(* Let $\Sigma$ be a topological Markov chain with shift $\sigma$ and $\mu$ a Gibbs measure on $\Sigma$ for a H\"older continuous potential (as in the context), and let $\varepsilon>0$. Then there exists a sequence of cylinders $\{C_n\}$, $C_n$ defined on an interval $\Lambda_n\subset\mathbb Z$, with $\sum_n\mu(C_n)=\infty$, such that the center of each $\Lambda_n$ lies in $[-\varepsilon|\Lambda_n|/2,\varepsilon|\Lambda_n|/2]$, and such that for $\mu$-a.e. $\underline\omega\in\Sigma$ there are only finitely many $n$ with $\sigma^n\underline\omega\in C_n$ (in particular $\{C_n\}$ is not a Borel-Cantelli sequence). The same holds with the centering condition replaced by: the left endpoint of each $\Lambda_n$ lies in $[0,\varepsilon|\Lambda_n|]$.
   Context: Let $M\ge2$ and $\mathbf A$ an $M\times M$ zero-one matrix with $\mathbf A^K$ entrywise positive for some $K\ge1$; $\Sigma=\{\underline\omega\in\{1,\dots,M\}^{\mathbb Z}:\mathbf A_{\omega_i\omega_{i+1}}=1\ \forall i\}$ with product topology and left shift $(\sigma\underline\omega)_i=\omega_{i+1}$; $\mu$ is the unique $\sigma$-invariant Gibbs measure of a H\"older continuous function on $\Sigma$. A cylinder defined on $\Lambda=[n^-,n^+]\subset\mathbb Z$ is $\{\underline\omega'\in\Sigma:\omega_i'=\omega_i,\ n^-\le i\le n^+\}$ for fixed symbols $\omega_i$; $|\Lambda|=n^+-n^-+1$, and the center of $\Lambda$ is $(n^-+n^+)/2$. A sequence of sets $\{A_n\}$ with $\sum\mu(A_n)=\infty$ is a Borel-Cantelli sequence if for $\mu$-a.e. $\underline\omega$ there are infinitely many $n$ with $\sigma^n\underline\omega\in A_n$. *)

theory Defs
  imports "HOL-Probability.Probability"
begin

text \<open>Symbols are 1..M; a zero-one matrix is a function nat => nat => nat.
  Sequences are functions int => nat, with the product topology (nat discrete).\<close>

definition zero_one_matrix :: "nat \<Rightarrow> (nat \<Rightarrow> nat \<Rightarrow> nat) \<Rightarrow> bool" where
  "zero_one_matrix M A \<longleftrightarrow> (\<forall>i\<in>{1..M}. \<forall>j\<in>{1..M}. A i j = 0 \<or> A i j = 1)"

fun mat_pow :: "nat \<Rightarrow> (nat \<Rightarrow> nat \<Rightarrow> nat) \<Rightarrow> nat \<Rightarrow> nat \<Rightarrow> nat \<Rightarrow> nat" where
  "mat_pow M A 0 i j = (if i = j then 1 else 0)"
| "mat_pow M A (Suc k) i j = (\<Sum>l\<in>{1..M}. mat_pow M A k i l * A l j)"

definition TMC :: "nat \<Rightarrow> (nat \<Rightarrow> nat \<Rightarrow> nat) \<Rightarrow> (int \<Rightarrow> nat) set" where
  "TMC M A = {\<omega>. (\<forall>i. \<omega> i \<in> {1..M}) \<and> (\<forall>i. A (\<omega> i) (\<omega> (i + 1)) = 1)}"

definition shift :: "(int \<Rightarrow> nat) \<Rightarrow> (int \<Rightarrow> nat)" where
  "shift \<omega> = (\<lambda>i. \<omega> (i + 1))"

definition cyl :: "nat \<Rightarrow> (nat \<Rightarrow> nat \<Rightarrow> nat) \<Rightarrow> int \<Rightarrow> int \<Rightarrow> (int \<Rightarrow> nat) \<Rightarrow> (int \<Rightarrow> nat) set" where
  "cyl M A a b w = {\<omega> \<in> TMC M A. \<forall>i\<in>{a..b}. \<omega> i = w i}"

text \<open>Hoelder continuity w.r.t. the metric d(x,y) = theta^(min{|i| : x_i /= y_i}).\<close>
definition holder :: "nat \<Rightarrow> (nat \<Rightarrow> nat \<Rightarrow> nat) \<Rightarrow> ((int \<Rightarrow> nat) \<Rightarrow> real) \<Rightarrow> bool" where
  "holder M A \<phi> \<longleftrightarrow> (\<exists>c \<theta>. 0 < \<theta> \<and> \<theta> < 1 \<and>
     (\<forall>x\<in>TMC M A. \<forall>y\<in>TMC M A. \<forall>n::nat.
        (\<forall>i::int. \<bar>i\<bar> < int n \<longrightarrow> x i = y i) \<longrightarrow> \<bar>\<phi> x - \<phi> y\<bar> \<le> c * \<theta> ^ n))"

definition birkhoff_sum :: "((int \<Rightarrow> nat) \<Rightarrow> real) \<Rightarrow> nat \<Rightarrow> (int \<Rightarrow> nat) \<Rightarrow> real" where
  "birkhoff_sum \<phi> n \<omega> = (\<Sum>k<n. \<phi> ((shift ^^ k) \<omega>))"

definition gibbs :: "nat \<Rightarrow> (nat \<Rightarrow> nat \<Rightarrow> nat) \<Rightarrow> ((int \<Rightarrow> nat) \<Rightarrow> real) \<Rightarrow> (int \<Rightarrow> nat) measure \<Rightarrow> bool" where
  "gibbs M A \<phi> \<mu> \<longleftrightarrow> (\<exists>C P. C > 0 \<and> (\<forall>\<omega>\<in>TMC M A. \<forall>n::nat. n \<ge> 1 \<longrightarrow>
      exp (- real n * P + birkhoff_sum \<phi> n \<omega>) / C \<le> measure \<mu> (cyl M A 0 (int n - 1) \<omega>) \<and>
      measure \<mu> (cyl M A 0 (int n - 1) \<omega>) \<le> C * exp (- real n * P + birkhoff_sum \<phi> n \<omega>)))"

Prompt: The lines to output run from the one containing "(\<forall>i::int. \<bar>i\<bar> <" to the last line of the entries; give them back exactly.

Response:
        (\<forall>i::int. \<bar>i\<bar> < int n \<longrightarrow> x i = y i) \<longrightarrow> \<bar>\<phi> x - \<phi> y\<bar> \<le> c * \<theta> ^ n))"

definition birkhoff_sum :: "((int \<Rightarrow> nat) \<Rightarrow> real) \<Rightarrow> nat \<Rightarrow> (int \<Rightarrow> nat) \<Rightarrow> real" where
  "birkhoff_sum \<phi> n \<omega> = (\<Sum>k<n. \<phi> ((shift ^^ k) \<omega>))"

definition gibbs :: "nat \<Rightarrow> (nat \<Rightarrow> nat \<Rightarrow> nat) \<Rightarrow> ((int \<Rightarrow> nat) \<Rightarrow> real) \<Rightarrow> (int \<Rightarrow> nat) measure \<Rightarrow> bool" where
  "gibbs M A \<phi> \<mu> \<longleftrightarrow> (\<exists>C P. C > 0 \<and> (\<forall>\<omega>\<in>TMC M A. \<forall>n::nat. n \<ge> 1 \<longrightarrow>
      exp (- real n * P + birkhoff_sum \<phi> n \<omega>) / C \<le> measure \<mu> (cyl M A 0 (int n - 1) \<omega>) \<and>
      measure \<mu> (cyl M A 0 (int n - 1) \<omega>) \<le> C * exp (- real n * P + birkhoff_sum \<phi> n \<omega>)))"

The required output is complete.